Voltar aos pubs, reabertos no dia 4 de julho após meses fechados devido ao isolamento social, era a grande expectativa dos ingleses nas últimas semanas. A vontade de retomar um dos hábitos da população britânica era tão grande, que o dia da abertura ficou conhecido como “supersábado”. As aglomerações foram inevitáveis, e o número de casos de Covid-19 voltou a subir. O caso ilustra o quanto é importante ter cautela no processo de retomada das atividades. Uma das questões que afligem governantes neste momento é a circulação de pessoas. Como garantir que os deslocamentos ocorram de forma segura? Para o primeiro-ministro britânico, Boris Johnson – que contraiu a doença –, o futuro terá a bicicleta como protagonista da mobilidade. Segundo Johnson, haverá “uma era de ouro para o ciclismo”. E isso já começou a se traduzir em obras públicas.

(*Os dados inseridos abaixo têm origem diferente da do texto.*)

lemma sin_sq_phase_estimate_close:
  assumes M: "0 < M" and s: "s = 1 \<or> s = -1" and n: "n \<in> {-1,0,1,2}"
  shows "\<bar>(sin (pi * real (phase_estimate M t s n) / real M))\<^sup>2 - (sin t)\<^sup>2\<bar> \<le> 2 * pi / real M"
proof -
  let ?\<delta> = "pi * (frac (real M * t / pi) - of_int n) / real M"
  let ?e = "pi * real (phase_estimate M t s n) / real M"
  obtain j where "2 * t - of_int s * (2 * pi * real (phase_estimate M t s n) / real M)
      = 2 * pi * (frac (real M * t / pi) - of_int n) / real M + 2 * pi * of_int j"
    using phase_estimate_angle[OF M s] .
  moreover have "2 * pi * (frac (real M * t / pi) - of_int n) / real M = 2 * ?\<delta>"
    "2 * pi * real (phase_estimate M t s n) / real M = 2 * ?e" by simp_all
  ultimately have "2 * t - of_int s * (2 * ?e) = 2 * ?\<delta> + 2 * pi * of_int j" by (simp only:)
  moreover have "of_int s * (2 * ?e) = 2 * (of_int s * ?e)" by simp
  ultimately have "of_int s * ?e = (t - ?\<delta>) - pi * of_int j" by linarith
  then have "?e = of_int s * ((t - ?\<delta>) - pi * of_int j)" using s by auto
  then have "(sin ?e)\<^sup>2 = (sin (t - ?\<delta>))\<^sup>2"
    using s by (auto simp: sin_diff power2_eq_square)
  moreover have "\<bar>(sin (t - ?\<delta>))\<^sup>2 - (sin t)\<^sup>2\<bar> \<le> \<bar>?\<delta>\<bar>"
    using abs_sin_sq_diff_le[of "t - ?\<delta>" t] by simp
  moreover have "\<bar>?\<delta>\<bar> \<le> 2 * pi / real M"
  proof -
    define f where "f = frac (real M * t / pi)"
    have "0 \<le> f" "f < 1" unfolding f_def by (simp_all add: frac_lt_1)
    then have "\<bar>f - of_int n\<bar> \<le> 2" using n by auto
    then show ?thesis unfolding f_def[symmetric] using M by (auto simp: abs_mult intro!: divide_right_mono mult_left_mono)
  qed
  ultimately show ?thesis by linarith
qed

section \<open>Grover iteration\<close>

text \<open>The Grover iterate \<open>Orc (2|0\<rangle>\<langle>0| - 1) Orc\<^sup>\<dagger> (1 - 2 \<Pi>\<^sub>G)\<close> on \<open>\<complex>\<^sup>d\<close>, where \<open>\<Pi>\<^sub>G\<close> projects onto
  the basis states satisfying \<open>G\<close>.\<close>
definition grover_iter :: "nat \<Rightarrow> complex mat \<Rightarrow> (nat \<Rightarrow> bool) \<Rightarrow> (nat \<Rightarrow> complex) \<Rightarrow> nat \<Rightarrow> complex" where
  "grover_iter d Orc G \<phi> u = (\<Sum>u1<d. Orc $$ (u,u1) * (if u1 \<noteq> 0 then -1 else 1) *
     (\<Sum>u2<d. cnj (Orc $$ (u2,u1)) * (if G u2 then -1 else 1) * \<phi> u2))"

definition grover_state :: "nat \<Rightarrow> complex mat \<Rightarrow> (nat \<Rightarrow> bool) \<Rightarrow> nat \<Rightarrow> nat \<Rightarrow> complex" where
  "grover_state d Orc G n = (grover_iter d Orc G ^^ n) (\<lambda>u. Orc $$ (u,0))"

definition good_part :: "complex mat \<Rightarrow> (nat \<Rightarrow> bool) \<Rightarrow> nat \<Rightarrow> complex" where
  "good_part Orc G u = (if G u then Orc $$ (u,0) else 0)"

definition bad_part :: "complex mat \<Rightarrow> (nat \<Rightarrow> bool) \<Rightarrow> nat \<Rightarrow> complex" where
  "bad_part Orc G u = (if G u then 0 else Orc $$ (u,0))"

definition good_prob :: "nat \<Rightarrow> complex mat \<Rightarrow> (nat \<Rightarrow> bool) \<Rightarrow> real" where
  "good_prob d Orc G = (\<Sum>u<d. (cmod (good_part Orc G u))\<^sup>2)"

lemma grover_iter_cong:
  "(\<And>u. u < d \<Longrightarrow> \<phi> u = \<psi> u) \<Longrightarrow> grover_iter d Orc G \<phi> u = grover_iter d Orc G \<psi> u"
  unfolding grover_iter_def by (intro sum.cong refl arg_cong2[where f="(*)"]) auto

lemma grover_iter_pow_scale:
  "(grover_iter d Orc G ^^ n) (\<lambda>u. s * \<phi> u) = (\<lambda>u. s * (grover_iter d Orc G ^^ n) \<phi> u)"
proof (induction n)
  case (Suc n)
  have "grover_iter d Orc G (\<lambda>u. s * \<psi> u) u = s * grover_iter d Orc G \<psi> u" for \<psi> u
    unfolding grover_iter_def by (simp add: sum_distrib_left mult.assoc mult.left_commute)
  then show ?case using Suc by simp
qed simp

lemma complex_of_real_cmod_sq: "complex_of_real ((cmod z)\<^sup>2) = cnj z * z"
  using complex_norm_square[of z] by (simp add: mult.commute)

lemma good_prob_add_bad_prob:
  assumes U: "is_unitary d Orc" and d: "0 < d"
  shows "good_prob d Orc G + (\<Sum>u<d. (cmod (bad_part Orc G u))\<^sup>2) = 1"
proof -
  have "good_prob d Orc G + (\<Sum>u<d. (cmod (bad_part Orc G u))\<^sup>2) = (\<Sum>u<d. (cmod (Orc $$ (u,0)))\<^sup>2)"
    unfolding good_prob_def sum.distrib[symmetric] by (rule sum.cong) (auto simp: good_part_def bad_part_def)
  also have "complex_of_real \<dots> = (\<Sum>u<d. cnj (Orc $$ (u,0)) * Orc $$ (u,0))"
    unfolding of_real_sum by (rule sum.cong) (simp_all only: complex_of_real_cmod_sq)
  also have "\<dots> = 1" using is_unitary_cols[OF U d d] by simp
  finally show ?thesis by (metis of_real_eq_1_iff)
qed

lemma good_prob_bounds:
  assumes "is_unitary d Orc" "0 < d"
  shows "0 \<le> good_prob d Orc G" "good_prob d Orc G \<le> 1"
proof -
  show "0 \<le> good_prob d Orc G" by (simp add: good_prob_def sum_nonneg)
  have "0 \<le> (\<Sum>u<d. (cmod (bad_part Orc G u))\<^sup>2)" by (simp add: sum_nonneg)
  then show "good_prob d Orc G \<le> 1" using good_prob_add_bad_prob[OF assms, of G] by linarith
qed

lemma inner_good_part:
  "(\<Sum>u<d. cnj (Orc $$ (u,0)) * good_part Orc G u) = of_real (good_prob d Orc G)"
  unfolding good_prob_def of_real_sum
  by (rule sum.cong) (auto simp del: of_real_power simp add: good_part_def complex_of_real_cmod_sq)

lemma inner_bad_part:
  assumes "is_unitary d Orc" "0 < d"
  shows "(\<Sum>u<d. cnj (Orc $$ (u,0)) * bad_part Orc G u) = of_real (1 - good_prob d Orc G)"
proof -
  have "(\<Sum>u<d. cnj (Orc $$ (u,0)) * bad_part Orc G u) = of_real (\<Sum>u<d. (cmod (bad_part Orc G u))\<^sup>2)"
    unfolding of_real_sum
    by (rule sum.cong) (auto simp del: of_real_power simp add: bad_part_def complex_of_real_cmod_sq)
  moreover have "(\<Sum>u<d. (cmod (bad_part Orc G u))\<^sup>2) = 1 - good_prob d Orc G"
    using good_prob_add_bad_prob[OF assms, of G] by simp
  ultimately show ?thesis by (simp only:)
qed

A Inglaterra anunciou investimentos da ordem de 250 milhões de libras para construção de ciclovias temporárias e garantir mais espaço para a circulação de pessoas por um meio de transporte individual.
O Reino Unido não está sozinho nessa cruzada. A prefeitura de Paris criou um fundo com 20 milhões de euros para ações que incentivem o uso desse modal. Ele inclui fornecer 50 euros para quem deseja consertar sua bicicleta. “Europeus e americanos estão começando a retomar atividades. Com a chegada do verão, querem usar um meio de transporte seguro e que conte com o apoio dos governos“, diz Cyro Gazola, CEO da Caloi, maior fabricante de bicicletas da América do Sul, hoje controlada pela canadense Dorel, uma das gigantes do segmento no mundo. Para ele, o movimento pode ocorrer também por aqui. “O que falta no Brasil é ação e decisão”, afirma Gazola.
Caso decidisse em favor da bicicleta, o País teria benefícios também nos cofres públicos, principalmente na área da saúde. Estudo realizado pelo Centro Brasileiro de Análise de Planejamento (Cebrap) mostra que o estímulo ao uso do equipamento de duas rodas poderia resultar na economia de R$ 34,4 milhões no Sistema Único de Saúde (SUS), apenas na cidade de São Paulo. O número leva em conta a diminuição na quantidade de internações e o percentual de viagens de ônibus e carros que deixariam de ser feitas com mais deslocamentos de bicicletas. Existe espaço para isso? Segundo a Associação Brasileira dos Fabricantes de Motocicletas, Ciclomotores, Motonetas, Bicicletas e Similares (Abraciclo), há no País 70 milhões de bikes. Se fosse dividida de maneira uniforme pela população, haveria uma para cada três pessoas. Se ainda há muita gente sem uma magrela para chamar de sua, a perspectiva para o aumento da frota é encorajador. Soma-se a isso o fato de o Brasil ocupar uma posição de destaque no ranking mundial de produtores de bikes. Na quarta colocação, o País fica atrás de China, Índia e União Europeia.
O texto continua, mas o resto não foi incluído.